The implementation of “clean heating” policies has dramatically improved air quality in northern China — likely preventing about 23,000 premature deaths last year alone, a new study has found.

Concentrations of fine particulate matter (PM 2.5) from heating activities dropped by 41.3 percent from 2015 to 2021 in Beijing and 27 other surrounding cities, according to the study, published on Wednesday in Environmental Science & Technology.

This pollution plunge in “2+26 cities” was nearly four times bigger than that of other northern Chinese cities, which use lower levels of clean fuels, the researchers found.

The 2+26 cohort includes Beijing, Tianjin and 26 cities in the Hebei, Shanxi, Shandong and Henan provinces.

Northern municipalities outside the 2+26 group only reduced their pollution levels by 12.9 percent during the same 2015-2021 window, according to the study.

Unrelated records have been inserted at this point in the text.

lemma basis_image_below_diag: "k < l \<Longrightarrow> l \<in> {1..n} \<Longrightarrow> basis_image l k = 0"
  using basis_image_triangular[of l] by auto

lemma basis_image_1_1_nonzero: "basis_image 1 1 \<noteq> 0"
proof
  assume "basis_image 1 1 = 0"
  then have "basis_image n n = 0" using basis_image_triangular[of n] n_ge_3 by simp
  then have "basis_image n = (\<lambda>_. 0)"
  proof (intro ext)
    fix k show "basis_image n k = 0"
      using \<open>basis_image n n = 0\<close> basis_image_below_diag[of k n] basis_image_in_vecs[of n] n_ge_3
      by (cases k n rule: linorder_cases) (auto simp: vecs_def)
  qed
  then have "f (basis_vec n) = f (\<lambda>_. 0)"
    by (simp add: basis_image_def f_zero)
  then have "basis_vec n = (\<lambda>_. 0)"
    using aut basis_vec_in_vecs[of n n] zero_in_vecs n_ge_3
    by (auto simp: is_automorphism_def bij_betw_def inj_on_def)
  then show False by (metis basis_vec_def one_neq_zero)
qed

text \<open>Comparing the third coordinates of f(e_1 e_2) and f(e_1) f(e_2).\<close>

lemma basis_image_1_2: "basis_image 1 2 = 0"
proof -
  have "amult n c (basis_image 1) (basis_image 2) 3 = (\<Sum>l=1..n. c 1 2 l * basis_image l 3)"
    using amult_basis_image[of 1 2] n_ge_3 by simp
  also have "\<dots> = c 1 2 3 * basis_image 3 3"
    by (rule amult_next_coord_tail[OF ascending basis_image_below_diag]) (use n_ge_3 in auto)
  also have "c 1 2 3 = 0"
    using in_R_coeff_1_next[OF R, of 2] n_ge_3 by (simp add: numeral_3_eq_3)
  finally have "0 = amult n c (basis_image 1) (basis_image 2) (Suc 2)" by simp
  also have "\<dots> = (\<Sum>i=1..2. basis_image 1 i * basis_image 2 2 * c i 2 (Suc 2))"
    by (rule amult_next_coord_right[OF ascending]) (use n_ge_3 basis_image_below_diag in auto)
  also have "\<dots> = basis_image 1 2 * basis_image 1 1 ^ 2"
    using in_R_coeff_1_next[OF R, of 2] in_R_square_coeff[OF R, of 2] basis_image_triangular[of 2]
      n_ge_3 by (simp add: numeral_2_eq_2)
  finally show ?thesis using basis_image_1_1_nonzero by simp
qed

text \<open>Comparing the third coordinates of f(e_2 e_1) and f(e_2) f(e_1) gives d^4 = d^3
  for the diagonal entry d of f(e_1).\<close>

lemma basis_image_1_1: "basis_image 1 1 = 1"
proof -
  have "amult n c (basis_image 2) (basis_image 1) 3 = (\<Sum>l=1..n. c 2 1 l * basis_image l 3)"
    using amult_basis_image[of 2 1] n_ge_3 by simp
  also have "\<dots> = c 2 1 3 * basis_image 3 3"
    by (rule amult_next_coord_tail[OF ascending basis_image_below_diag]) (use n_ge_3 in auto)
  also have "\<dots> = basis_image 1 1 ^ 4"
    using in_R_coeff_213[OF R] basis_image_triangular[of 3] n_ge_3 by simp
  finally have "basis_image 1 1 ^ 4 = amult n c (basis_image 2) (basis_image 1) (Suc 2)" by simp
  also have "\<dots> = (\<Sum>j=1..2. basis_image 2 2 * basis_image 1 j * c 2 j (Suc 2))"
    by (rule amult_next_coord_left[OF ascending]) (use n_ge_3 basis_image_below_diag in auto)
  also have "\<dots> = basis_image 1 1 ^ 3"
    using in_R_coeff_213[OF R] basis_image_1_2 basis_image_triangular[of 2] n_ge_3
    by (simp add: numeral_2_eq_2 numeral_3_eq_3 power2_eq_square power3_eq_cube)
  finally have "basis_image 1 1 ^ 3 * (basis_image 1 1 - 1) = 0"
    by (simp add: algebra_simps power_Suc[symmetric] del: power_Suc)
  then show ?thesis using basis_image_1_1_nonzero by simp
qed

lemma basis_image_diag: "m \<in> {1..n} \<Longrightarrow> basis_image m m = 1"
  using basis_image_triangular[of m] basis_image_1_1 by simp

lemma basis_image_1_middle:
  assumes "2 \<le> m" and "m < n"
  shows "basis_image 1 m = 0"
  using assms
proof (induction m rule: less_induct)
  case (less m)
  then have m: "1 \<le> m" "m < n" by auto
  have "amult n c (basis_image 1) (basis_image m) (Suc m) = (\<Sum>l=1..n. c 1 m l * basis_image l (Suc m))"
    using amult_basis_image[of 1 m] m by simp
  also have "\<dots> = c 1 m (Suc m) * basis_image (Suc m) (Suc m)"
    by (rule amult_next_coord_tail[OF ascending basis_image_below_diag]) (use m in auto)
  also have "c 1 m (Suc m) = 0" using in_R_coeff_1_next[OF R less.prems] .
  finally have "0 = amult n c (basis_image 1) (basis_image m) (Suc m)" by simp
  also have "\<dots> = (\<Sum>i=1..m. basis_image 1 i * basis_image m m * c i m (Suc m))"
    by (rule amult_next_coord_right[OF ascending m]) (use basis_image_below_diag m in auto)
  also have "\<dots> = (\<Sum>i\<in>{m}. basis_image 1 i * basis_image m m * c i m (Suc m))"
  proof (rule sum.mono_neutral_right)
    show "\<forall>i\<in>{1..m} - {m}. basis_image 1 i * basis_image m m * c i m (Suc m) = 0"
    proof
      fix i assume i: "i \<in> {1..m} - {m}"
      show "basis_image 1 i * basis_image m m * c i m (Suc m) = 0"
      proof (cases "i = 1")
        case True
        then show ?thesis using in_R_coeff_1_next[OF R less.prems] by simp
      next
        case False
        then show ?thesis using less.IH i m by simp
      qed
    qed
  qed (use m in auto)
  also have "\<dots> = basis_image 1 m"
    using basis_image_diag[of m] in_R_square_coeff[OF R m] m by simp
  finally show ?case by simp
qed

lemma basis_image_1_off_last: "k \<noteq> n \<Longrightarrow> basis_image 1 k = basis_vec 1 k"
  using basis_image_1_middle[of k] basis_image_1_1 basis_image_in_vecs[of 1] n_ge_3
  by (cases "k = 0 \<or> n < k") (auto simp: vecs_def basis_vec_def)

text \<open>The last coordinate of f(e_1) does not enter products, so squaring propagates
  f(e_i) = e_i from i = 2 upwards.\<close>

lemma basis_image_ge_2:
  assumes "2 \<le> i" and "i \<le> n"
  shows "basis_image i = basis_vec i"
  using assms
proof (induction i)
  case (Suc i)
  then have i: "1 \<le> i" "i < n" by auto
  have agree: "\<forall>k<n. basis_image i k = basis_vec i k"
  proof (cases "i = 1")
    case True
    then show ?thesis using basis_image_1_off_last by simp
  next
    case False
    then show ?thesis using Suc.IH i by simp
  qed
  have "basis_image (Suc i) = amult n c (basis_image i) (basis_image i)"
    using basis_image_Suc[OF i] .
  also have "\<dots> = amult n c (basis_vec i) (basis_vec i)"
    using amult_cong_below[OF ascending agree agree] .
  also have "\<dots> = basis_vec (Suc i)"
    using amult_square_basis_vec[OF R i] .
  finally show ?case .
qed simp

lemma automorphism_is_shear: "\<forall>a\<in>vecs n. f a = (\<lambda>k. a k + basis_image 1 n * a 1 * basis_vec n k)"
proof (intro ballI ext)
  fix a k assume a: "a \<in> vecs n"
  have "f a k = (\<Sum>i=1..n. a i * basis_image i k)"
    using expand[OF a] by simp
  also have "\<dots> = (\<Sum>i=1..n. a i * basis_vec i k
                        + (if i = 1 then basis_image 1 n * a 1 * basis_vec n k else 0))"
  proof (rule sum.cong)
    fix i assume "i \<in> {1..n}"
    then show "a i * basis_image i k
        = a i * basis_vec i k + (if i = 1 then basis_image 1 n * a 1 * basis_vec n k else 0)"
      using basis_image_1_off_last[of k] basis_image_ge_2[of i] n_ge_3
      by (cases "i = 1"; cases "k = n") (simp_all add: basis_vec_def)
  qed simp
  also have "\<dots> = (\<Sum>i=1..n. a i * basis_vec i k) + basis_image 1 n * a 1 * basis_vec n k"
    using n_ge_3 by (simp add: sum.distrib)
  also have "\<dots> = a k + basis_image 1 n * a 1 * basis_vec n k"
    unfolding sum_basis_vec_coords[OF a] ..
  finally show "f a k = a k + basis_image 1 n * a 1 * basis_vec n k" .
qed

end

theorem mainTheorem11:
  fixes n :: nat and c :: sconst
  assumes "n \<ge> 3" and "in_R n c"
  shows "annihilator n c = {(\<lambda>k. t * basis_vec n k) | t. True}
       \<and> (\<forall>f. is_automorphism n c f \<longleftrightarrow>
              (\<exists>x::complex. \<forall>a\<in>vecs n. f a = (\<lambda>k. a k + x * a 1 * basis_vec n k)))"
proof (intro conjI allI iffI)
  show "annihilator n c = {(\<lambda>k. t * basis_vec n k) | t. True}"
    using annihilator_R[OF assms] .
next
  fix f assume "is_automorphism n c f"
  then interpret R_automorphism n c f using assms by unfold_locales
  show "\<exists>x. \<forall>a\<in>vecs n. f a = (\<lambda>k. a k + x * a 1 * basis_vec n k)"
    using automorphism_is_shear by blast
next
  fix f assume "\<exists>x. \<forall>a\<in>vecs n. f a = (\<lambda>k. a k + x * a 1 * basis_vec n k)"
  then show "is_automorphism n c f"
    using shear_is_automorphism in_R_strictly_ascending[OF assms(2)] assms(1) by fastforce
qed

end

“We showed that heating in northern China was a major source of air pollution,” corresponding author Zongbo Shi, a professor of atmospheric biochemistry at the University of Birmingham, said in a statement.

“However, clean heating policies have caused the annual PM 2.5 in mainland China to reduce significantly between 2015 and 2021, with significant public health benefits,” Shi added.

Rural areas of China have historically burned biomass in addition to using central heating — with both biomass and coal burning leading to severe haze episodes during the winter, according to the study.

But in 2013, China introduced its Air Pollution Prevention and Control Action Plan, which accelerated the use of centralized and district heating and encouraged a switch to clean fuels, the authors noted.

Four years later, the Chinese central government issued a Clean Winter Heating Plan for northern China, aimed at increasing the region’s share of clean heating to 50 percent by 2019 and 70 percent by 2021, compared to a 2016 baseline scenario.

Within the urban areas of the 2+26 cities, the share of clean heating was supposed to surpass 90 percent by 2019 and reach 100 percent by 2021, according to the 2017 plan.

That plan also defined “clean heating” as heating supplies that run on certain lower-emission fuels, a 2021 study in the Journal of Cleaner Production explained.

Some such fuels include natural gas, electricity, geothermal, biomass, solar energy, industrial waste heat, nuclear energy and so-called clean coal — coal whose carbon emissions are captured during the burning process.

The researchers estimated that clean heating policies helped avoid 23,556 premature deaths in 2021.

In total, they found that winter heating from 2015 to 2021 accounted for about 2.8 percent and 1.6 percent of premature deaths in northern and mainland China, respectively.

Meanwhile, they stressed that winter heating can increase death rates associated with exposure to ozone — creating secondary pollution risks across northern China.

The potential to improve public health conditions by abating heating-related particulate pollution therefore remains significant, the authors noted.

“Clean heating policies in northern China not only reduced air pollution but also greenhouse gas emissions, contributing to China’s push for carbon neutrality,” co-author Robert Elliott, an applied economist at the University of Birmingham, said in a statement.

“Decarbonizing heating should remain a key part of China’s carbon neutrality strategy that not only reduces air pollution but also provide significant public health benefits,” Elliott added.